15 May 2012

“We ought to be friends.”

From the first chapter of L. Frank Baum’s Sky Island:
The boy sat down beside her on the flat rock.

“Do you like girls?” asked Trot, making room for him.

“Not very well,” the boy replied. “Some of ’em are pretty good fellows, but not many. The girls with brothers are bossy, an’ the girls without brothers haven’t any ‘go’ to ’em. But the world’s full o’ both kinds, and so I try to take ’em as they come. They can’t help being girls, of course. Do you like boys?”

“When they don’t put on airs or get roughhouse,” replied Trot. “My ’sperience with boys is that they don’t know much, but think they do.”

“That’s true,” he answered. “I don’t like boys much better than I do girls, but some are all right, and—you seem to be one of ’em.”

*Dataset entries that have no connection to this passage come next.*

lemma collapses_onto_order_complex_closure_fixpoints:
  fixes P :: "'a::order set"
  assumes "finite P" and "\<phi> ` P \<subseteq> P" and "\<forall>x\<in>P. x \<le> \<phi> x"
    and "\<forall>x\<in>P. \<phi> (\<phi> x) = \<phi> x" and "mono_on P \<phi>"
  shows "collapses_onto (order_complex P (\<le>)) (order_complex {x\<in>P. \<phi> x = x} (\<le>))"
  using assms
proof (induction "card {x\<in>P. \<phi> x \<noteq> x}" arbitrary: P rule: less_induct)
  case less
  let ?N = "{x\<in>P. \<phi> x \<noteq> x}"
  show ?case
  proof (cases "?N = {}")
    case True
    then have "{x\<in>P. \<phi> x = x} = P" by auto
    then show ?thesis by (simp add: collapses_onto_def)
  next
    case False
    have "finite ?N" using less.prems(1) by simp
    then obtain x where "x \<in> ?N" and x_max: "\<forall>y\<in>?N. x \<le> y \<longrightarrow> x = y"
      using finite_has_maximal[OF _ False] by blast
    then have "x \<in> P" "x < \<phi> x" "\<phi> x \<in> P"
      using less.prems by (auto simp: order.strict_iff_not)
    have "\<forall>y\<in>P. x < y \<longrightarrow> \<phi> x \<le> y"
    proof (intro ballI impI)
      fix y assume "y \<in> P" "x < y"
      then have "\<phi> y = y" using x_max by auto
      then show "\<phi> x \<le> y"
        using mono_onD[OF less.prems(5) \<open>x \<in> P\<close> \<open>y \<in> P\<close>] \<open>x < y\<close> by simp
    qed
    then have "collapses_onto (order_complex P (\<le>)) (order_complex (P - {x}) (\<le>))"
      using \<open>x \<in> P\<close> \<open>\<phi> x \<in> P\<close> \<open>x < \<phi> x\<close> less.prems(1)
      by (intro collapses_onto_order_complex_remove)
    moreover have "collapses_onto (order_complex (P - {x}) (\<le>))
        (order_complex {y\<in>P - {x}. \<phi> y = y} (\<le>))"
    proof (rule less.hyps)
      have "{y\<in>P - {x}. \<phi> y \<noteq> y} = ?N - {x}" by auto
      then show "card {y\<in>P - {x}. \<phi> y \<noteq> y} < card ?N"
        using card_Diff1_less[OF \<open>finite ?N\<close> \<open>x \<in> ?N\<close>] by (simp only:)
      show "\<phi> ` (P - {x}) \<subseteq> P - {x}"
        using less.prems(2,4) \<open>x \<in> ?N\<close> by auto
    qed (use less.prems in \<open>auto intro: mono_on_subset\<close>)
    moreover have "{y\<in>P - {x}. \<phi> y = y} = {y\<in>P. \<phi> y = y}"
      using \<open>x \<in> ?N\<close> by auto
    ultimately show ?thesis
      unfolding collapses_onto_def by (metis rtranclp_trans)
  qed
qed

lemma order_complex_image:
  assumes "inj_on f A" and "\<forall>x\<in>A. \<forall>y\<in>A. le x y \<longleftrightarrow> le' (f x) (f y)"
  shows "order_complex (f ` A) le' = (`) f ` order_complex A le"
proof (intro set_eqI iffI)
  fix c assume c: "c \<in> order_complex (f ` A) le'"
  then obtain d where "d \<subseteq> A" "c = f ` d"
    unfolding order_complex_def by (auto simp: subset_image_iff)
  moreover have "finite d"
    using c \<open>c = f ` d\<close> inj_on_subset[OF assms(1) \<open>d \<subseteq> A\<close>]
    by (auto simp: order_complex_def finite_image_iff)
  moreover have "le x y \<or> le y x" if "x \<in> d" "y \<in> d" for x y
  proof -
    have "le' (f x) (f y) \<or> le' (f y) (f x)"
      using c that \<open>c = f ` d\<close> unfolding order_complex_def by blast
    then show ?thesis using assms(2) that \<open>d \<subseteq> A\<close> by blast
  qed
  ultimately have "d \<in> order_complex A le"
    using c by (auto simp: order_complex_def)
  then show "c \<in> (`) f ` order_complex A le" using \<open>c = f ` d\<close> by blast
next
  fix c assume "c \<in> (`) f ` order_complex A le"
  then obtain d where d: "d \<in> order_complex A le" "c = f ` d" by blast
  have "le' u v \<or> le' v u" if uv: "u \<in> c" "v \<in> c" for u v
  proof -
    obtain x y where "x \<in> d" "y \<in> d" "u = f x" "v = f y" using uv d(2) by blast
    moreover have "x \<in> A" "y \<in> A" "le x y \<or> le y x"
      using d(1) \<open>x \<in> d\<close> \<open>y \<in> d\<close> unfolding order_complex_def by blast+
    ultimately show ?thesis using assms(2) by blast
  qed
  then show "c \<in> order_complex (f ` A) le'"
    using d by (auto simp: order_complex_def)
qed

definition component_closure :: "nat \<Rightarrow> (nat \<times> nat) set \<Rightarrow> (nat \<times> nat) set" where
  "component_closure n G = clique_graph n (components n G)"

lemma equiv_graph_rel: "equiv {1..n} (graph_rel n G)"
proof (rule equivI)
  let ?R = "{(i, j). (i, j) \<in> G \<or> (j, i) \<in> G}"
  have "sym (?R\<^sup>*)" by (rule sym_rtrancl) (auto simp: sym_def)
  then show "sym (graph_rel n G)" unfolding graph_rel_def sym_def by blast
  show "trans (graph_rel n G)"
    unfolding graph_rel_def by (rule trans_Int) (auto intro: trans_rtrancl simp: trans_def)
qed (auto simp: graph_rel_def refl_on_def)

lemma partition_on_components: "partition_on {1..n} (components n G)"
  unfolding components_def by (rule partition_on_quotient[OF equiv_graph_rel])

lemma clique_graph_quotient:
  assumes "equiv {1..n} r"
  shows "clique_graph n ({1..n} // r) = {(i, j) \<in> edges n. (i, j) \<in> r}"
  using assms by (auto simp: clique_graph_def quotient_def edges_def equiv_class_eq_iff
      intro: equiv_class_self)

lemma component_closure_eq: "component_closure n G = {(i, j) \<in> edges n. (i, j) \<in> graph_rel n G}"
  unfolding component_closure_def components_def by (rule clique_graph_quotient[OF equiv_graph_rel])

lemma graph_rel_mono: "G \<subseteq> H \<Longrightarrow> graph_rel n G \<subseteq> graph_rel n H"
  unfolding graph_rel_def by (intro Int_mono rtrancl_mono) auto

lemma graph_rel_clique_graph:
  assumes P: "partition_on {1..n} P"
  shows "graph_rel n (clique_graph n P) = {(x, y). \<exists>p\<in>P. x \<in> p \<and> y \<in> p}"
    (is "_ = ?E")
proof
  let ?R = "{(i, j). (i, j) \<in> clique_graph n P \<or> (j, i) \<in> clique_graph n P}"
  have "equiv {1..n} ?E" using equiv_partition_on[OF P] .
  then have "?E\<^sup>* = ?E\<^sup>=" and "\<forall>x\<in>{1..n}. (x, x) \<in> ?E"
    by (auto simp: equiv_def rtrancl_trancl_reflcl refl_on_def)
  moreover have "?R\<^sup>* \<subseteq> ?E\<^sup>*"
    by (rule rtrancl_mono) (auto simp: clique_graph_def)
  ultimately show "graph_rel n (clique_graph n P) \<subseteq> ?E"
    unfolding graph_rel_def by auto
next
  show "?E \<subseteq> graph_rel n (clique_graph n P)"
  proof clarify
    fix x y p assume "p \<in> P" "x \<in> p" "y \<in> p"
    then have "x \<in> {1..n}" "y \<in> {1..n}" using P by (auto simp: partition_on_def)
    moreover have "x = y \<or> (x, y) \<in> clique_graph n P \<or> (y, x) \<in> clique_graph n P"
      using \<open>p \<in> P\<close> \<open>x \<in> p\<close> \<open>y \<in> p\<close> \<open>x \<in> {1..n}\<close> \<open>y \<in> {1..n}\<close>
      by (cases x y rule: linorder_cases) (auto simp: clique_graph_def edges_def)
    ultimately show "(x, y) \<in> graph_rel n (clique_graph n P)"
      unfolding graph_rel_def by auto
  qed
qed

lemma components_clique_graph:
  assumes "partition_on {1..n} P"
  shows "components n (clique_graph n P) = P"
  unfolding components_def graph_rel_clique_graph[OF assms]
  by (rule partition_on_eq_quotient[OF assms])

lemma components_empty: "components n {} = bottom_partition n"
  by (auto simp: components_def graph_rel_def bottom_partition_def quotient_def)

lemma clique_graph_bottom_partition: "clique_graph n (bottom_partition n) = {}"
  by (auto simp: clique_graph_def bottom_partition_def edges_def)

lemma inj_on_clique_graph: "inj_on (clique_graph n) (Pi_lattice n)"
  by (rule inj_onI) (metis components_clique_graph Pi_lattice_def mem_Collect_eq)

lemma refines_iff_clique_graph_subset:
  assumes "P \<in> Pi_lattice n" and "Q \<in> Pi_lattice n"
  shows "refines P Q \<longleftrightarrow> clique_graph n P \<subseteq> clique_graph n Q"
proof
  assume "refines P Q"
  show "clique_graph n P \<subseteq> clique_graph n Q"
  proof
    fix e assume "e \<in> clique_graph n P"
    then obtain i j B where "e = (i, j)" "(i, j) \<in> edges n" "B \<in> P" "i \<in> B" "j \<in> B"
      unfolding clique_graph_def by blast
    moreover obtain C where "C \<in> Q" "B \<subseteq> C"
      using \<open>refines P Q\<close> \<open>B \<in> P\<close> unfolding refines_def by blast
    ultimately show "e \<in> clique_graph n Q"
      unfolding clique_graph_def by blast
  qed
next
  assume "clique_graph n P \<subseteq> clique_graph n Q"
  then have sub: "graph_rel n (clique_graph n P) \<subseteq> graph_rel n (clique_graph n Q)"
    by (rule graph_rel_mono)
  have P_eq: "P = {1..n} // graph_rel n (clique_graph n P)"
    and Q_eq: "Q = {1..n} // graph_rel n (clique_graph n Q)"
    using assms components_clique_graph by (auto simp: Pi_lattice_def components_def)
  show "refines P Q"
    unfolding refines_def
  proof
    fix B assume "B \<in> P"
    then obtain k where "k \<in> {1..n}" "B = graph_rel n (clique_graph n P) `` {k}"
      using P_eq by (metis quotientE)
    then show "\<exists>C\<in>Q. B \<subseteq> C"
      using sub Q_eq by (metis Image_mono quotientI subset_refl)
  qed
qed

lemma components_component_closure: "components n (component_closure n G) = components n G"
  unfolding component_closure_def by (rule components_clique_graph[OF partition_on_components])

lemma component_closure_idem: "component_closure n (component_closure n G) = component_closure n G"
  unfolding component_closure_def components_component_closure[unfolded component_closure_def] ..

lemma subset_component_closure: "G \<subseteq> edges n \<Longrightarrow> G \<subseteq> component_closure n G"
  unfolding component_closure_eq graph_rel_def edges_def by auto

lemma mono_component_closure: "mono (component_closure n)"
  unfolding component_closure_eq by (rule monoI) (use graph_rel_mono in blast)

lemma component_closure_in_DG:
  assumes "G \<in> DG n"
  shows "component_closure n G \<in> DG n"
proof -
  have "G \<noteq> {}" "G \<subseteq> edges n" "2 \<le> card (components n G)"
    using assms by (simp_all add: DG_def)
  moreover have "G \<subseteq> component_closure n G" and "component_closure n G \<subseteq> edges n"
    using \<open>G \<subseteq> edges n\<close> subset_component_closure by (auto simp: component_closure_eq)
  ultimately show ?thesis
    by (simp add: DG_def components_component_closure) blast
qed

lemma finite_DG: "finite (DG n)"
proof -
  have "finite (edges n)"
    unfolding edges_def by (rule finite_subset[of _ "{1..n} \<times> {1..n}"]) auto
  then show ?thesis
    unfolding DG_def by (rule finite_subset[rotated, OF finite_Pow_iff[THEN iffD2]]) auto
qed

lemma two_le_card_partition_on:
  assumes "partition_on A P" and "finite A" and "P \<noteq> {}" and "P \<noteq> {A}"
  shows "2 \<le> card P"
proof -
  have "finite P" using finite_elements[OF assms(2,1)] .
  moreover have "card P \<noteq> 1"
  proof
    assume "card P = 1"
    then obtain B where "P = {B}" by (rule card_1_singletonE)
    then show False using assms(1,4) partition_onD1 by fastforce
  qed
  ultimately show ?thesis using assms(3) by (cases "card P") auto
qed

lemma DG_component_closure_fixpoints:
  "{G \<in> DG n. component_closure n G = G} = clique_graph n ` Pi_bar n"
proof (intro set_eqI iffI)
  fix G assume G: "G \<in> {G \<in> DG n. component_closure n G = G}"
  define P where "P = components n G"
  have "G = clique_graph n P" using G by (simp add: P_def component_closure_def)
  moreover have "P \<in> Pi_lattice n"
    using partition_on_components by (simp add: P_def Pi_lattice_def)
  moreover have "P \<noteq> top_partition n"
    using G by (auto simp: P_def DG_def top_partition_def)
  moreover have "P \<noteq> bottom_partition n"
    using G \<open>G = clique_graph n P\<close> clique_graph_bottom_partition by (auto simp: DG_def)
  ultimately show "G \<in> clique_graph n ` Pi_bar n" by (auto simp: Pi_bar_def)
next
  fix G assume "G \<in> clique_graph n ` Pi_bar n"
  then obtain P where P: "P \<in> Pi_bar n" and G: "G = clique_graph n P" by blast
  have part: "partition_on {1..n} P" using P by (simp add: Pi_bar_def Pi_lattice_def)
  then have comp: "components n G = P" using G components_clique_graph by blast
  have "P \<noteq> {}"
    using P part by (auto simp: Pi_bar_def bottom_partition_def partition_on_def)
  then have "2 \<le> card P"
    using P two_le_card_partition_on[OF part] by (auto simp: Pi_bar_def top_partition_def)
  moreover have "G \<noteq> {}"
    using P comp components_empty by (auto simp: Pi_bar_def)
  moreover have "G \<subseteq> edges n" using G by (auto simp: clique_graph_def)
  ultimately show "G \<in> {G \<in> DG n. component_closure n G = G}"
    using G comp by (auto simp: DG_def component_closure_def)
qed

“Much obliged,” laughed Trot. “You aren’t so bad, either, an’ if we don’t both turn out worse than we seem, we ought to be friends.”
Sky Island is one of Baum’s best novels, and one of the books that will be commemorated at this summer’s Winkie Convention at the Asilomar Conference Center in Pacific Grove, California. I plan to be there, moderating a panel on Oz blogs and judging a writing contest or two. I’ve also submitted an unconventional piece for the convention booklet.